§ **What the exercise asks**
What is needed here is an exact copy of all the data.

*** Block opens ***

lemma joined_sym: "joined X x y \<Longrightarrow> joined X y x"
proof (induction rule: joined_induct)
  case (step y z)
  then have "joined X z y" by (simp add: joined_edge insert_commute)
  then show ?case using step(3) joined_trans by metis
qed simp

lemma joined_commute: "joined X x y \<longleftrightarrow> joined X y x"
  using joined_sym by metis

lemma joined_mono: "joined X x y \<Longrightarrow> X \<subseteq> Y \<Longrightarrow> joined Y x y"
  by (induction rule: joined_induct) (auto intro: joined_step)

lemma joined_in_Union: "joined X x y \<Longrightarrow> x \<noteq> y \<Longrightarrow> x \<in> \<Union>X \<and> y \<in> \<Union>X"
  by (induction rule: joined_induct) auto

lemma image_eq_doubleton_obtain:
  assumes "inj h" "{x', y'} = h ` e"
  obtains x y where "x' = h x" "y' = h y" "e = {x, y}"
proof -
  obtain x y where xy: "x \<in> e" "x' = h x" "y \<in> e" "y' = h y"
    using assms(2) by (metis image_iff insertCI)
  then have "h ` e = h ` {x, y}" using assms(2) by simp
  then have "e = {x, y}" by (simp only: inj_image_eq_iff[OF assms(1)])
  then show thesis using xy that by blast
qed

lemma joined_image_iff:
  assumes "inj h"
  shows "joined ((\<lambda>e. h ` e) ` X) (h x) (h y) \<longleftrightarrow> joined X x y"
proof
  assume "joined X x y"
  then show "joined ((\<lambda>e. h ` e) ` X) (h x) (h y)"
  proof (induction rule: joined_induct)
    case (step y z)
    have "h ` {y, z} \<in> (\<lambda>e. h ` e) ` X" using step(2) by (rule imageI)
    then have "{h y, h z} \<in> (\<lambda>e. h ` e) ` X" by simp
    then show ?case using step(3) joined_step by metis
  qed simp
next
  have "\<exists>v. z = h v \<and> joined X x v" if "joined ((\<lambda>e. h ` e) ` X) (h x) z" for z
    using that
  proof (induction rule: joined_induct)
    case (step y z)
    then obtain v where v: "y = h v" "joined X x v" by auto
    from step(2) obtain e where e: "e \<in> X" "{y, z} = h ` e" by auto
    then obtain w w' where w: "y = h w" "z = h w'" "e = {w, w'}"
      using image_eq_doubleton_obtain[OF assms] by blast
    then have "{v, w'} \<in> X" using e(1) v(1) assms by (simp add: inj_eq)
    then have "joined X x w'" by (rule joined_step[OF v(2)])
    then show ?case using w(2) by blast
  qed (intro exI[of _ x], simp)
  moreover assume "joined ((\<lambda>e. h ` e) ` X) (h x) (h y)"
  ultimately obtain v where "h y = h v" "joined X x v" by blast
  then show "joined X x y" using assms by (simp add: inj_eq)
qed

lemma joined_insert_edge_iff:
  "joined (insert {p, q} X) u w \<longleftrightarrow>
     joined X u w \<or> (joined X u p \<and> joined X q w) \<or> (joined X u q \<and> joined X p w)"
  (is "?lhs \<longleftrightarrow> ?rhs w")
proof
  assume ?lhs
  then show "?rhs w"
  proof (induction rule: joined_induct)
    case (step y z)
    show ?case
    proof (cases "{y, z} \<in> X")
      case True
      then show ?thesis using step(3) joined_step by metis
    next
      case False
      then have yz: "(y = p \<and> z = q) \<or> (y = q \<and> z = p)"
        using step(2) by (auto simp: doubleton_eq_iff)
      then have "joined X u p \<or> joined X u q" using step(3) by blast
      then show ?thesis using yz by auto
    qed
  qed simp
next
  let ?Y = "insert {p, q} X"
  have mono: "joined ?Y x y" if "joined X x y" for x y
    using that by (rule joined_mono) auto
  have pq: "joined ?Y p q" by (rule joined_edge) simp
  then have qp: "joined ?Y q p" by (rule joined_sym)
  assume "?rhs w"
  then show ?lhs
  proof (elim disjE conjE)
    assume "joined X u p" "joined X q w"
    then show ?lhs using joined_trans[OF joined_trans[OF mono[of u p] pq] mono[of q w]] by blast
  next
    assume "joined X u q" "joined X p w"
    then show ?lhs using joined_trans[OF joined_trans[OF mono[of u q] qp] mono[of p w]] by blast
  qed (rule mono)
qed

text \<open>If \<open>{k1, k2}\<close> separates the vertices of \<open>X1\<close> from those of \<open>X2\<close>, then, seen from the
  \<open>X1\<close> side, \<open>X2\<close> only matters through whether it joins \<open>k1\<close> to \<open>k2\<close>; it can be replaced by
  that single edge.\<close>

definition shortcut :: "'v set set \<Rightarrow> 'v set set \<Rightarrow> 'v \<Rightarrow> 'v \<Rightarrow> 'v set set" where
  "shortcut X1 X2 k1 k2 = (if joined X2 k1 k2 then insert {k1, k2} X1 else X1)"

*** Block closes ***

§ **Output for this exercise**
lemma joined_sym: "joined X x y \<Longrightarrow> joined X y x"
proof (induction rule: joined_induct)
  case (step y z)
  then have "joined X z y" by (simp add: joined_edge insert_commute)
  then show ?case using step(3) joined_trans by metis
qed simp

lemma joined_commute: "joined X x y \<longleftrightarrow> joined X y x"
  using joined_sym by metis

lemma joined_mono: "joined X x y \<Longrightarrow> X \<subseteq> Y \<Longrightarrow> joined Y x y"
  by (induction rule: joined_induct) (auto intro: joined_step)

lemma joined_in_Union: "joined X x y \<Longrightarrow> x \<noteq> y \<Longrightarrow> x \<in> \<Union>X \<and> y \<in> \<Union>X"
  by (induction rule: joined_induct) auto

lemma image_eq_doubleton_obtain:
  assumes "inj h" "{x', y'} = h ` e"
  obtains x y where "x' = h x" "y' = h y" "e = {x, y}"
proof -
  obtain x y where xy: "x \<in> e" "x' = h x" "y \<in> e" "y' = h y"
    using assms(2) by (metis image_iff insertCI)
  then have "h ` e = h ` {x, y}" using assms(2) by simp
  then have "e = {x, y}" by (simp only: inj_image_eq_iff[OF assms(1)])
  then show thesis using xy that by blast
qed

lemma joined_image_iff:
  assumes "inj h"
  shows "joined ((\<lambda>e. h ` e) ` X) (h x) (h y) \<longleftrightarrow> joined X x y"
proof
  assume "joined X x y"
  then show "joined ((\<lambda>e. h ` e) ` X) (h x) (h y)"
  proof (induction rule: joined_induct)
    case (step y z)
    have "h ` {y, z} \<in> (\<lambda>e. h ` e) ` X" using step(2) by (rule imageI)
    then have "{h y, h z} \<in> (\<lambda>e. h ` e) ` X" by simp
    then show ?case using step(3) joined_step by metis
  qed simp
next
  have "\<exists>v. z = h v \<and> joined X x v" if "joined ((\<lambda>e. h ` e) ` X) (h x) z" for z
    using that
  proof (induction rule: joined_induct)
    case (step y z)
    then obtain v where v: "y = h v" "joined X x v" by auto
    from step(2) obtain e where e: "e \<in> X" "{y, z} = h ` e" by auto
    then obtain w w' where w: "y = h w" "z = h w'" "e = {w, w'}"
      using image_eq_doubleton_obtain[OF assms] by blast
    then have "{v, w'} \<in> X" using e(1) v(1) assms by (simp add: inj_eq)
    then have "joined X x w'" by (rule joined_step[OF v(2)])
    then show ?case using w(2) by blast
  qed (intro exI[of _ x], simp)
  moreover assume "joined ((\<lambda>e. h ` e) ` X) (h x) (h y)"
  ultimately obtain v where "h y = h v" "joined X x v" by blast
  then show "joined X x y" using assms by (simp add: inj_eq)
qed

lemma joined_insert_edge_iff:
  "joined (insert {p, q} X) u w \<longleftrightarrow>
     joined X u w \<or> (joined X u p \<and> joined X q w) \<or> (joined X u q \<and> joined X p w)"
  (is "?lhs \<longleftrightarrow> ?rhs w")
proof
  assume ?lhs
  then show "?rhs w"
  proof (induction rule: joined_induct)
    case (step y z)
    show ?case
    proof (cases "{y, z} \<in> X")
      case True
      then show ?thesis using step(3) joined_step by metis
    next
      case False
      then have yz: "(y = p \<and> z = q) \<or> (y = q \<and> z = p)"
        using step(2) by (auto simp: doubleton_eq_iff)
      then have "joined X u p \<or> joined X u q" using step(3) by blast
      then show ?thesis using yz by auto
    qed
  qed simp
next
  let ?Y = "insert {p, q} X"
  have mono: "joined ?Y x y" if "joined X x y" for x y
    using that by (rule joined_mono) auto
  have pq: "joined ?Y p q" by (rule joined_edge) simp
  then have qp: "joined ?Y q p" by (rule joined_sym)
  assume "?rhs w"
  then show ?lhs
  proof (elim disjE conjE)
    assume "joined X u p" "joined X q w"
    then show ?lhs using joined_trans[OF joined_trans[OF mono[of u p] pq] mono[of q w]] by blast
  next
    assume "joined X u q" "joined X p w"
    then show ?lhs using joined_trans[OF joined_trans[OF mono[of u q] qp] mono[of p w]] by blast
  qed (rule mono)
qed

text \<open>If \<open>{k1, k2}\<close> separates the vertices of \<open>X1\<close> from those of \<open>X2\<close>, then, seen from the
  \<open>X1\<close> side, \<open>X2\<close> only matters through whether it joins \<open>k1\<close> to \<open>k2\<close>; it can be replaced by
  that single edge.\<close>

definition shortcut :: "'v set set \<Rightarrow> 'v set set \<Rightarrow> 'v \<Rightarrow> 'v \<Rightarrow> 'v set set" where
  "shortcut X1 X2 k1 k2 = (if joined X2 k1 k2 then insert {k1, k2} X1 else X1)"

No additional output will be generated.